Love to know your thoughts.
[aside: if you are interested in seeing these videos when I post them to youtube, rather than just the occasional ones that make it here to the blog, you’re invited to subscribe to my youtube channel here. thx]
Shout out to McKenzie Stubbert for the music.
The Chinese have practiced a type of “science” of face reading practitioners have studied, codified, and passed down to the next generation. While I wouldn’t go so far as to pass up a person for employment based on a face-reading analysis, there is something we’ve recognized, even in the work of Malcolm Gladwell’s, “Blink” in terms of understanding split-second judgments we make everyday about situations, emotions, and even the human face and behavior.
I admit as a counselor and coach, I know I am being “read” by my clients as much as I am reading them – their faces, eyes, nervous behaviors, they way they sit, squirm, and even in their silence, what they do and do not do.
I hope you enjoy your “60” project for what it will teach you about humanity, and about yourself.
Warmly,
Imei
I hate to say this but why the hell didn’t I think of this? Brilliantly simple idea and a really great way to totally intimidate your subjects:-)
People have been doing these for several years, and the idea sort of took off a bit when Flickr introduced video. They’ve been commonly referred to as “long portraits”.
I think it’d be sort of interesting to see a gallery of these (maybe use iPads or something to hang them on the walls).
Even cooler, would be to do them in 3D and hand out 3D glasses to people as they enter the gallery to view them.
moving portraits have been around since even before warhol – although he pushed the concept the strongest.
didn’t know about any of the flickr work you cite… my study here is certainly in the vein of all this. couple considerations I’m interested in …
1. the further collision of (and subsequent ensuing lack of differentiation between – “convergence”) the still and moving picture.
2. that technology in part is more easily/ readily responsible for allowing that convergence (ipads display both, phone, hddslr cameras capture both etc), but…. (see #3)

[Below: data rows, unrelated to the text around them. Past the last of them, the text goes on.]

lemma multilinearD:
  "multilinear m f \<Longrightarrow> xs \<in> lists alg \<Longrightarrow> length xs = m \<Longrightarrow> k < m \<Longrightarrow> x \<in> alg \<Longrightarrow> y \<in> alg \<Longrightarrow>
   f (xs[k := msmult c x + y]) = msmult c (f (xs[k := x])) + f (xs[k := y])"
  unfolding multilinear_def by blast

lemma multilinear_Cons: "multilinear (Suc m) f \<Longrightarrow> y \<in> alg \<Longrightarrow> multilinear m (\<lambda>ws. f (y # ws))"
  unfolding multilinear_def
  by (metis (no_types, lifting) Cons_in_lists_iff Suc_less_eq length_Cons list_update_code(3))

lemma multilinear_zero_Cons:
  assumes "multilinear (Suc (length ws)) f" "ws \<in> lists alg" shows "f (0 # ws) = 0"
proof -
  have "msmult (-1) (0::'a mat) + 0 = 0" by (simp add: msmult.zero)
  then have "f (0 # ws) = msmult (-1) (f (0 # ws)) + f (0 # ws)"
    using multilinearD[OF assms(1), of "0 # ws" 0 0 0 "-1"] assms(2) zero_mem by simp
  then show ?thesis by (simp add: fun_eq_iff msmult_def)
qed

lemma multilinear_sum_Cons:
  assumes "multilinear (Suc (length ws)) f" "ws \<in> lists alg" "\<And>d. d \<in> S \<Longrightarrow> Y d \<in> alg"
  shows "f (sum Y S # ws) = (\<Sum>d\<in>S. f (Y d # ws))"
  using assms(3)
proof (induction S rule: infinite_finite_induct)
  case (insert d S)
  have "sum Y S \<in> alg" using insert sum_mem by blast
  then have "f ((Y d # ws)[0 := msmult 1 (Y d) + sum Y S]) = msmult 1 (f (Y d # ws)) + f (sum Y S # ws)"
    using multilinearD[OF assms(1), of "Y d # ws" 0 "Y d" "sum Y S" 1] insert assms(2) by simp
  moreover have "f (sum Y S # ws) = (\<Sum>d\<in>S. f (Y d # ws))" using insert by simp
  ultimately show ?case by (simp only: msmult_one list_update_code sum.insert[OF insert(1,2)])
qed (use multilinear_zero_Cons[OF assms(1,2)] in auto)

fun cobd_tail :: "('a::comm_ring_1 mat list \<Rightarrow> 'a mat) \<Rightarrow> 'a mat list \<Rightarrow> 'a mat" where
  "cobd_tail f [] = 0"
| "cobd_tail f [x] = - rmul (f []) x"
| "cobd_tail f (x # y # zs) = - f (mm x y # zs) - cobd_tail (\<lambda>ws. f (x # ws)) (y # zs)"

definition cobd :: "('a::comm_ring_1 mat list \<Rightarrow> 'a mat) \<Rightarrow> 'a mat list \<Rightarrow> 'a mat" where
  "cobd f xs = lmul (hd xs) (f (tl xs)) + cobd_tail f xs"

lemma cobd_Cons: "cobd f (x # xs) = lmul x (f xs) + cobd_tail f (x # xs)"
  by (simp add: cobd_def)

lemma cobd_Cons_Cons:
  "cobd f (y # w # ws) = lmul y (f (w # ws)) - f (mm y w # ws) - cobd (\<lambda>vs. f (y # vs)) (w # ws) + lmul w (f (y # ws))"
  by (simp add: cobd_Cons)

lemma cobd_tail_apply:
  "length xs = Suc m \<Longrightarrow> cobd_tail f xs r s =
     (\<Sum>k\<in>{1..m}. (-1) ^ k * f (take (k - 1) xs @ [mm (xs ! (k - 1)) (xs ! k)] @ drop (k + 1) xs) r s)
     + (-1) ^ (m + 1) * rmul (f (take m xs)) (xs ! m) r s"
proof (induction m arbitrary: f xs)
  case 0
  then obtain x where "xs = [x]" by (cases xs) auto
  then show ?case by simp
next
  case (Suc m)
  then obtain x ys where xs: "xs = x # ys" and ly: "length ys = Suc m"
    by (cases xs) auto
  then obtain y zs where ys: "ys = y # zs" by (cases ys) auto
  define T where "T k = (-1) ^ k * f (take (k - 1) xs @ [mm (xs ! (k - 1)) (xs ! k)] @ drop (k + 1) xs) r s" for k
  have "sum T {1..Suc m} = T 1 + sum T {Suc 1..Suc m}"
    by (rule sum.atLeast_Suc_atMost) simp
  also have "sum T {Suc 1..Suc m} = sum (\<lambda>k. T (Suc k)) {1..m}"
    by (rule sum.shift_bounds_cl_Suc_ivl)
  also have "sum (\<lambda>k. T (Suc k)) {1..m} =
      - (\<Sum>k\<in>{1..m}. (-1) ^ k * f (x # (take (k - 1) ys @ [mm (ys ! (k - 1)) (ys ! k)] @ drop (k + 1) ys)) r s)"
  proof -
    have "T (Suc k) = - ((-1) ^ k * f (x # (take (k - 1) ys @ [mm (ys ! (k - 1)) (ys ! k)] @ drop (k + 1) ys)) r s)"
      if "k \<in> {1..m}" for k
      using that by (cases k) (auto simp: T_def xs)
    then show ?thesis by (simp add: sum_negf)
  qed
  finally have "sum T {1..Suc m} = - f (mm x y # zs) r s
      - (\<Sum>k\<in>{1..m}. (-1) ^ k * f (x # (take (k - 1) ys @ [mm (ys ! (k - 1)) (ys ! k)] @ drop (k + 1) ys)) r s)"
    by (simp add: T_def xs ys)
  moreover have "cobd_tail f xs r s = - f (mm x y # zs) r s - cobd_tail (\<lambda>ws. f (x # ws)) ys r s"
    by (simp add: xs ys)
  ultimately show ?case
    using Suc.IH[OF ly, of "\<lambda>ws. f (x # ws)"] by (simp add: T_def xs)
qed

lemma hdiff_eq_cobd: "length xs = Suc m \<Longrightarrow> hdiff n Arr t h m f xs = cobd f xs"
  by (cases xs) (auto simp: fun_eq_iff hdiff_def cobd_def cobd_tail_apply)

sublocale cobd_tail: additive "\<lambda>f. cobd_tail f xs" for xs
proof
  show "cobd_tail (f + g) xs = cobd_tail f xs + cobd_tail g xs" for f g :: "'a mat list \<Rightarrow> 'a mat"
  proof (induction xs arbitrary: f g rule: induct_list012)
    case (3 x y zs)
    have "(\<lambda>ws. (f + g) (x # ws)) = (\<lambda>ws. f (x # ws)) + (\<lambda>ws. g (x # ws))" by (simp add: fun_eq_iff)
    then show ?case using "3.IH"(2) by (simp add: algebra_simps)
  qed (simp_all add: rmul.add)
qed

lemma cobd_tail_lmul: "w \<in> alg \<Longrightarrow> xs \<in> lists alg \<Longrightarrow> cobd_tail (\<lambda>ws. lmul w (f ws)) xs = lmul w (cobd_tail f xs)"
  by (induction f xs rule: cobd_tail.induct) (simp_all add: lmul.diff lmul.minus lmul.zero lmul_rmul)

section \<open>The contracting homotopy\<close>

text \<open>As simplification rules, the pointwise evaluation laws would eta-expand every
  matrix-valued sum or difference in the computations below.\<close>

declare plus_fun_apply [simp del] minus_apply [simp del] uminus_apply [simp del] zero_fun_apply [simp del]

text \<open>Unfolding the recursions, \<open>homotopy f [y\<^sub>1, \<dots>, y\<^sub>m]\<close> is the sum over \<open>j\<close> and over chains
  \<open>c\<^sub>0, \<dots>, c\<^sub>j\<close> of \<open>(-1)\<^sup>j E c\<^sub>0 * f [E c\<^sub>0 * y\<^sub>1 * E c\<^sub>1, \<dots>, E c\<^sub>j\<^sub>-\<^sub>1 * y\<^sub>j * E c\<^sub>j, E c\<^sub>j, y\<^sub>j\<^sub>+\<^sub>1, \<dots>, y\<^sub>m]\<close>,
  and \<open>normalized c f [x\<^sub>1, \<dots>, x\<^sub>k]\<close> is the sum over chains \<open>c = c\<^sub>0, \<dots>, c\<^sub>k\<close> of
  \<open>f [E c\<^sub>0 * x\<^sub>1 * E c\<^sub>1, \<dots>, E c\<^sub>k\<^sub>-\<^sub>1 * x\<^sub>k * E c\<^sub>k] * E c\<^sub>k\<close>.\<close>

fun homotopy_at :: "nat \<Rightarrow> ('a::comm_ring_1 mat list \<Rightarrow> 'a mat) \<Rightarrow> 'a mat list \<Rightarrow> 'a mat" where
  "homotopy_at c f [] = f [diag_unit c]"
| "homotopy_at c f (y # ys) =
     f (diag_unit c # y # ys) - (\<Sum>d\<in>{1..n}. homotopy_at d (\<lambda>ws. f (corner c y d # ws)) ys)"

definition homotopy :: "('a::comm_ring_1 mat list \<Rightarrow> 'a mat) \<Rightarrow> 'a mat list \<Rightarrow> 'a mat" where
  "homotopy f xs = (\<Sum>c\<in>{1..n}. lmul (diag_unit c) (homotopy_at c f xs))"

fun normalized :: "nat \<Rightarrow> ('a::comm_ring_1 mat list \<Rightarrow> 'a mat) \<Rightarrow> 'a mat list \<Rightarrow> 'a mat" where
  "normalized c f [] = rmul (f []) (diag_unit c)"
| "normalized c f (x # xs) = (\<Sum>d\<in>{1..n}. normalized d (\<lambda>ws. f (corner c x d # ws)) xs)"

lemma homotopy_at_cong_Cons:
  "(\<And>w ws. f (w # ws) = g (w # ws)) \<Longrightarrow> homotopy_at c f xs = homotopy_at c g xs"
proof (induction xs arbitrary: c f g)
  case (Cons y ys)
  have "homotopy_at d (\<lambda>ws. f (corner c y d # ws)) ys = homotopy_at d (\<lambda>ws. g (corner c y d # ws)) ys" for d
    by (rule Cons.IH) (simp only: Cons.prems)
  then show ?case by (simp only: homotopy_at.simps Cons.prems)
qed (simp only: homotopy_at.simps)

lemma homotopy_at_cong:
  "(\<And>ws. ws \<in> lists alg \<Longrightarrow> length ws = Suc (length xs) \<Longrightarrow> f ws = g ws) \<Longrightarrow> xs \<in> lists alg \<Longrightarrow>
   c \<in> {1..n} \<Longrightarrow> homotopy_at c f xs = homotopy_at c g xs"
proof (induction xs arbitrary: c f g)
  case Nil
  have "[diag_unit c :: 'a mat] \<in> lists alg" using diag_unit_mem[OF Nil.prems(3)] by simp
  then show ?case using Nil.prems(1) by simp
next
  case (Cons y ys)
  have "homotopy_at d (\<lambda>ws. f (corner c y d # ws)) ys = homotopy_at d (\<lambda>ws. g (corner c y d # ws)) ys"
    if "d \<in> {1..n}" for d
  proof (rule Cons.IH)
    fix ws :: "'a mat list" assume "ws \<in> lists alg" "length ws = Suc (length ys)"
    moreover have "corner c y d \<in> alg"
      using Cons.prems(2) by (intro corner_mem[OF Cons.prems(3) that]) simp
    ultimately show "f (corner c y d # ws) = g (corner c y d # ws)"
      using Cons.prems(1) by simp
  qed (use Cons.prems that in auto)
  moreover have "f (diag_unit c # y # ys) = g (diag_unit c # y # ys)"
    using Cons.prems(1)[of "diag_unit c # y # ys"] Cons.prems(2) diag_unit_mem[OF Cons.prems(3)] by simp
  ultimately show ?case by simp
qed

lemma homotopy_at_add: "homotopy_at c (\<lambda>ws. f ws + g ws) xs = homotopy_at c f xs + homotopy_at c g xs"
proof (induction xs arbitrary: c f g)
  case (Cons y ys)
  then show ?case by (simp only: homotopy_at.simps sum.distrib) (simp add: algebra_simps)
qed (simp only: homotopy_at.simps)

sublocale homotopy_at: additive "\<lambda>f. homotopy_at c f xs" for c xs
proof
  show "homotopy_at c (f + g) xs = homotopy_at c f xs + homotopy_at c g xs" for f g :: "'a mat list \<Rightarrow> 'a mat"
    unfolding plus_fun_def[of f g] by (rule homotopy_at_add)
qed

lemma homotopy_at_lmul: "homotopy_at c (\<lambda>ws. lmul w (f ws)) xs = lmul w (homotopy_at c f xs)"
  by (induction xs arbitrary: c f) (simp_all add: lmul.diff lmul.sum)

lemma homotopy_at_diff: "homotopy_at c (\<lambda>ws. f ws - g ws) xs = homotopy_at c f xs - homotopy_at c g xs"
  using homotopy_at.diff[of c f g] by (simp add: fun_diff_def)

lemma homotopy_at_sum: "homotopy_at c (\<lambda>ws. \<Sum>e\<in>S. F e ws) xs = (\<Sum>e\<in>S. homotopy_at c (F e) xs)"
proof -
  have "(\<lambda>ws. \<Sum>e\<in>S. F e ws) = sum F S" by (simp add: fun_eq_iff sum_fun_apply)
  then show ?thesis by (simp add: homotopy_at.sum)
qed

lemma homotopy_at_msmult: "homotopy_at c (\<lambda>ws. msmult a (f ws)) xs = msmult a (homotopy_at c f xs)"
  by (induction xs arbitrary: c f) (simp_all add: msmult.diff msmult.sum)
lemma regular_classical:
  assumes vars: "term_vars t \<subseteq> {..<n}"
    and t_C: "\<And>ys. length ys = n \<Longrightarrow> eval_term (\<longrightarrow>) False t ys = C ys"
  shows "regular (\<lambda>_::unit. n) (\<lambda>_. C) UNIV classical_rel () (left_rule t) (right_rule t)"
proof (rule imp_falsum_calculus.regular_if_translation[OF imp_falsum_calculus_sem_entails,
      where tr = "\<lambda>F w. eval (\<lambda>_. C) w F"])
  show "conseq (\<lambda>_. C) UNIV classical_rel \<Gamma> \<Delta> \<longleftrightarrow>
      sem_entails ((\<lambda>F w. eval (\<lambda>_. C) w F) ` \<Gamma>) ((\<lambda>F w. eval (\<lambda>_. C) w F) ` \<Delta>)" for \<Gamma> \<Delta>
    unfolding conseq_def classical_rel_def mixed_def sem_entails_def by auto
  show "(\<lambda>w. eval (\<lambda>_. C) w (Op () Fs)) =
      eval_term (\<lambda>a b w. a w \<longrightarrow> b w) (\<lambda>_. False) t (map (\<lambda>F w. eval (\<lambda>_. C) w F) Fs)"
    if "length Fs = n" for Fs
  proof
    fix w
    have "eval_term (\<lambda>a b w. a w \<longrightarrow> b w) (\<lambda>_. False) t (map (\<lambda>F w. eval (\<lambda>_. C) w F) Fs) w =
        eval_term (\<longrightarrow>) False t (map (eval (\<lambda>_. C) w) Fs)"
      using eval_term_hom[where h = "\<lambda>\<phi>. \<phi> w" and imp' = "(\<longrightarrow>)" and falsum' = False] vars that
      by (simp add: comp_def)
    then show "eval (\<lambda>_. C) w (Op () Fs) =
        eval_term (\<lambda>a b w. a w \<longrightarrow> b w) (\<lambda>_. False) t (map (\<lambda>F w. eval (\<lambda>_. C) w F) Fs) w"
      using t_C that by simp
  qed
qed (use vars in simp_all)

lemma imp_falsum_calculus_conseq:
  assumes G: "G_conditional ar I W R imp" and R: "intersective one zero R"
    and z: "wf ar z" "\<forall>w\<in>W. eval I w z = zero"
  shows "imp_falsum_calculus (wf ar) (conseq I W R) (\<lambda>A B. Op imp [A, B]) z"
proof -
  obtain S where S: "\<forall>(Dp, Dc)\<in>S. designated one zero Dp \<and> designated one zero Dc"
    and R_S: "R = (\<lambda>\<gamma> \<delta>. \<forall>(Dp, Dc)\<in>S. mixed Dp Dc \<gamma> \<delta>)"
    using R unfolding intersective_def by auto
  have R_zero_left: "R (insert zero \<gamma>) \<delta>" and R_zero_right: "R \<gamma> (insert zero \<delta>) \<longleftrightarrow> R \<gamma> \<delta>"
    for \<gamma> \<delta>
    using S unfolding R_S mixed_def designated_def by auto
  show ?thesis
  proof
    show "conseq I W R (insert z \<Gamma>) \<Delta>" for \<Gamma> \<Delta>
      using R_zero_left z(2) unfolding conseq_def by simp
    show "conseq I W R \<Gamma> (insert z \<Delta>) \<longleftrightarrow> conseq I W R \<Gamma> \<Delta>" for \<Gamma> \<Delta>
      using R_zero_right z(2) unfolding conseq_def by simp
  qed (use G z(1) in \<open>simp_all add: G_conditional_def\<close>)
qed

lemma ext_ar_simps [simp]: "ext_ar ar n None = n" "ext_ar ar n (Some c) = ar c"
  by (simp_all add: ext_ar_def)

lemma ext_I_simps [simp]: "ext_I I g None = g" "ext_I I g (Some c) = I c"
  by (simp_all add: ext_I_def)

fun expand :: "('c form list \<Rightarrow> 'c form) \<Rightarrow> 'c option form \<Rightarrow> 'c form" where
  "expand e (Atom k) = Atom k"
| "expand e (Op None Fs) = e (map (expand e) Fs)"
| "expand e (Op (Some c) Fs) = Op c (map (expand e) Fs)"

lemma wf_expand:
  assumes "\<And>Fs. length Fs = n \<Longrightarrow> \<forall>F\<in>set Fs. wf ar F \<Longrightarrow> wf ar (e Fs)"
  shows "wf (ext_ar ar n) X \<Longrightarrow> wf ar (expand e X)"
proof (induction X)
  case (Op c Fs)
  then show ?case by (cases c) (auto simp: assms)
qed simp

lemma eval_expand:
  assumes wf_e: "\<And>Fs. length Fs = n \<Longrightarrow> \<forall>F\<in>set Fs. wf ar F \<Longrightarrow> wf ar (e Fs)"
    and eval_e: "\<And>Fs. length Fs = n \<Longrightarrow> \<forall>F\<in>set Fs. wf ar F \<Longrightarrow> eval I w (e Fs) = g (map (eval I w) Fs)"
  shows "wf (ext_ar ar n) X \<Longrightarrow> eval I w (expand e X) = eval (ext_I I g) w X"
proof (induction X)
  case (Op c Fs)
  then have IH: "map (eval I w \<circ> expand e) Fs = map (eval (ext_I I g) w) Fs"
    by (cases c) auto
  show ?case
  proof (cases c)
    case None
    with Op.prems have "length Fs = n" and "\<forall>F\<in>set Fs. wf ar (expand e F)"
      using wf_expand[of n ar e, OF wf_e] by auto
    with None show ?thesis
      using eval_e[of "map (expand e) Fs"] by (simp add: IH)
  qed (simp add: IH)
qed simp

3. that sharing the portraits as quickly as we now can result in people “knowing” people, more quickly, more remotely, more easily (but more removed?). a simple expansion of the idea of whether or not technology is a facilitator of real human connection or a barrier to it.
Thanks for the reply, Chase.
As a still photographer who currently doesn’t have much interest in doing video work (although I’m continually astounded by the works of others and sometimes wish I could do that, so it may change), I’m also very interested in where this idea of “convergence” is going. A sort of fear tends to come and go about video overtaking stills, and I in no way want to stir that pot here, but I think there will always be a place for both.
A still image can instantly relay all the information necessary for an ad or anything else, while video requires you to watch it for any given amount of time. In the same way that people rushing along a busy street, subway station, etc are very unlikely to stop and watch a 15-30 second video ad, I’m not sure how much people will want to watch a full minute’s worth of someone just standing there awkwardly in front of a camera, unless it’s in a setting such as a gallery or other presentation.
I’m not sure I’d agree that the current form of just having someone filmed like this for 10, 30, 60, how ever many seconds can really help us “know” someone. For example here we just see Mike squinting from the bright light and kind of looking around a little. He could be a very shy person, or he could just as easily be a very loud and social person that’s just caught off guard by having someone approach him about this, set up a tripod and start filming him without him knowing what he’s supposed to “do”. He’s not really “in his element” in any real way to get to know who he really is.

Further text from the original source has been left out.